TASK STATEMENT: Your answer should consist solely of the lines from the one containing "t)) = maj_prec (?w @ ?run)" through the end of the entries below, duplicated exactly.

DATA FOR THE TASK:
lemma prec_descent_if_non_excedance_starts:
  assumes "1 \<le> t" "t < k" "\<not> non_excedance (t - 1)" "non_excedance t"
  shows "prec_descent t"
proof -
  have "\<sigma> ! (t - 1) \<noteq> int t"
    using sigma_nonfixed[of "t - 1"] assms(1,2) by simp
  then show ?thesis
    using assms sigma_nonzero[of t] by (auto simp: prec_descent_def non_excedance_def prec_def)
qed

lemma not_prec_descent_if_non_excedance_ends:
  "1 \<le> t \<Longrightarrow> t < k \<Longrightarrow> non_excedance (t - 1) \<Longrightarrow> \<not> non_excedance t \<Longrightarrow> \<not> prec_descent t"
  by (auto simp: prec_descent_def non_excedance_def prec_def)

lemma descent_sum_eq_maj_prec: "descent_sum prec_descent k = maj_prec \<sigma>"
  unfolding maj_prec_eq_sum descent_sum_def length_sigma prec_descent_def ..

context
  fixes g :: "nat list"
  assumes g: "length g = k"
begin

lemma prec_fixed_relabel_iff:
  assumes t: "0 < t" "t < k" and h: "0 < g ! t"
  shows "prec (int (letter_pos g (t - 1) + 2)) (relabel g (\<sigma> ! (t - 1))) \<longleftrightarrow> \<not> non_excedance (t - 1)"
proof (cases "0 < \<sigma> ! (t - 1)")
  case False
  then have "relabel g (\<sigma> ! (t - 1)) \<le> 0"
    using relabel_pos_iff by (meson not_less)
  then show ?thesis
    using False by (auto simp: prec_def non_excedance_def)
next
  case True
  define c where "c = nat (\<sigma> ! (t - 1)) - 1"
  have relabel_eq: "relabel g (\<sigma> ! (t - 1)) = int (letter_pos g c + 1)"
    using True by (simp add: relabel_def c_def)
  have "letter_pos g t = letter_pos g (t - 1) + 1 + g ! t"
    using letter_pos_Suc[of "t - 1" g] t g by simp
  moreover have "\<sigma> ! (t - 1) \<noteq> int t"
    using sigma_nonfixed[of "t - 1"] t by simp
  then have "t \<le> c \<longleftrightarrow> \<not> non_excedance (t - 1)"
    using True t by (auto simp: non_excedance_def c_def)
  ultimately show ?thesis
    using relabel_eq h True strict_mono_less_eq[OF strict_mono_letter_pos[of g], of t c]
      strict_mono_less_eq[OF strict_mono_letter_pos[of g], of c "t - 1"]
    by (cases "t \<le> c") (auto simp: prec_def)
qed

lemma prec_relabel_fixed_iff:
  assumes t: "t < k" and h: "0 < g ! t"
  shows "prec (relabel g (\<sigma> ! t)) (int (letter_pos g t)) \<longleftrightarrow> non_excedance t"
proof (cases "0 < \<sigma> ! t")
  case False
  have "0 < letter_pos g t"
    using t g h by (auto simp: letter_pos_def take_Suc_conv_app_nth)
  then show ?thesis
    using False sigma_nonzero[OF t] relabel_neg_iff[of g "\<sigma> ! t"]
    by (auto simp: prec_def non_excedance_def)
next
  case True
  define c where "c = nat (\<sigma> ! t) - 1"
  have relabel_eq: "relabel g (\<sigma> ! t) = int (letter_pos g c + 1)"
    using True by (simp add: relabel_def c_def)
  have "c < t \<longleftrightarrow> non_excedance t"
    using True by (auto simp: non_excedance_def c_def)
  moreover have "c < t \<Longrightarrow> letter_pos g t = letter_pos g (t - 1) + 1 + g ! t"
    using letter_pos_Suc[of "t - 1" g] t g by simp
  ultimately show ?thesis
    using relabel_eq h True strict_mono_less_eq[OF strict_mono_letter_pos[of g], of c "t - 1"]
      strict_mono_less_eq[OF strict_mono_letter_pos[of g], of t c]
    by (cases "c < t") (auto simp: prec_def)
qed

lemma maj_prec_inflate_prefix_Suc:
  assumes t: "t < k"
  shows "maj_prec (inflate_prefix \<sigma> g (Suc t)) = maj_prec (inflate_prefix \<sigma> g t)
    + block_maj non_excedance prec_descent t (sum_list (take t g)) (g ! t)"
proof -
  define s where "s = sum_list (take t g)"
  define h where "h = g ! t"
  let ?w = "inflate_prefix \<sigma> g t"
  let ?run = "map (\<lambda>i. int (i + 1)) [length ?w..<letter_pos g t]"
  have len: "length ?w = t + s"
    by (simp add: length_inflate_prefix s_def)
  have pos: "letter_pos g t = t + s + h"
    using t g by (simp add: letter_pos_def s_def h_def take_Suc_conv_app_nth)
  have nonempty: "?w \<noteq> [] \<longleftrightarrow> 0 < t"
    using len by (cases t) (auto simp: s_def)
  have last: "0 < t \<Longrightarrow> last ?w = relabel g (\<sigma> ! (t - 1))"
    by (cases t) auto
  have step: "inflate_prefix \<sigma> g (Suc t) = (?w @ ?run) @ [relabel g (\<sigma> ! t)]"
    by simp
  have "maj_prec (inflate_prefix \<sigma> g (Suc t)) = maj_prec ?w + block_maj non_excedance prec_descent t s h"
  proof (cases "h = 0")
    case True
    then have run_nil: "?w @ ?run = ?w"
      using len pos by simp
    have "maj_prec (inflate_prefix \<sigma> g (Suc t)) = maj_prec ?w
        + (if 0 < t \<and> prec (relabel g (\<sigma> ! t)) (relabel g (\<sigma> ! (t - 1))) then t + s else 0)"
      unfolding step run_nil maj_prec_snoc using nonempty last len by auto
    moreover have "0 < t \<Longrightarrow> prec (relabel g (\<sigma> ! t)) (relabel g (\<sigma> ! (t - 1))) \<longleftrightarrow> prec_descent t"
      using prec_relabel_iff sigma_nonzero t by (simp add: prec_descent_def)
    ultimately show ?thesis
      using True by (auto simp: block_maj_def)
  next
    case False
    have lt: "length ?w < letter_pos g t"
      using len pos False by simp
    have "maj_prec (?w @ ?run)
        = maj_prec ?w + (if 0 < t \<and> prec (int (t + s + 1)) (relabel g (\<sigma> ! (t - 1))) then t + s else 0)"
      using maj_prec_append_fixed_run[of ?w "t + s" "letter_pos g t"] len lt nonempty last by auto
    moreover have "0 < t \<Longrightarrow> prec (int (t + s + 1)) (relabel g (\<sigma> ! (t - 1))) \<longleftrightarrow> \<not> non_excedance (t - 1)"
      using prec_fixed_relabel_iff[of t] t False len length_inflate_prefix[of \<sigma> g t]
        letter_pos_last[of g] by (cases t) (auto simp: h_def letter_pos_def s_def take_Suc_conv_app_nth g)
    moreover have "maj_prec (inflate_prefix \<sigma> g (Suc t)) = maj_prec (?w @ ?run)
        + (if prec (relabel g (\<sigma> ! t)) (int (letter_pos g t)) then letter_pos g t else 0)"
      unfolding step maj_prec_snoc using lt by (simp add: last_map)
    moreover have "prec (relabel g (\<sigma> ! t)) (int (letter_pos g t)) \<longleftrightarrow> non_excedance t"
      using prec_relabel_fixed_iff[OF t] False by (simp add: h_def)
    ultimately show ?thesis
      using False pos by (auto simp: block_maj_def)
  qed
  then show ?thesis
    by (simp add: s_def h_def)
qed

WRITTEN SOLUTION:
    moreover have "maj_prec (inflate_prefix \<sigma> g (Suc t)) = maj_prec (?w @ ?run)
        + (if prec (relabel g (\<sigma> ! t)) (int (letter_pos g t)) then letter_pos g t else 0)"
      unfolding step maj_prec_snoc using lt by (simp add: last_map)
    moreover have "prec (relabel g (\<sigma> ! t)) (int (letter_pos g t)) \<longleftrightarrow> non_excedance t"
      using prec_relabel_fixed_iff[OF t] False by (simp add: h_def)
    ultimately show ?thesis
      using False pos by (auto simp: block_maj_def)
  qed
  then show ?thesis
    by (simp add: s_def h_def)
qed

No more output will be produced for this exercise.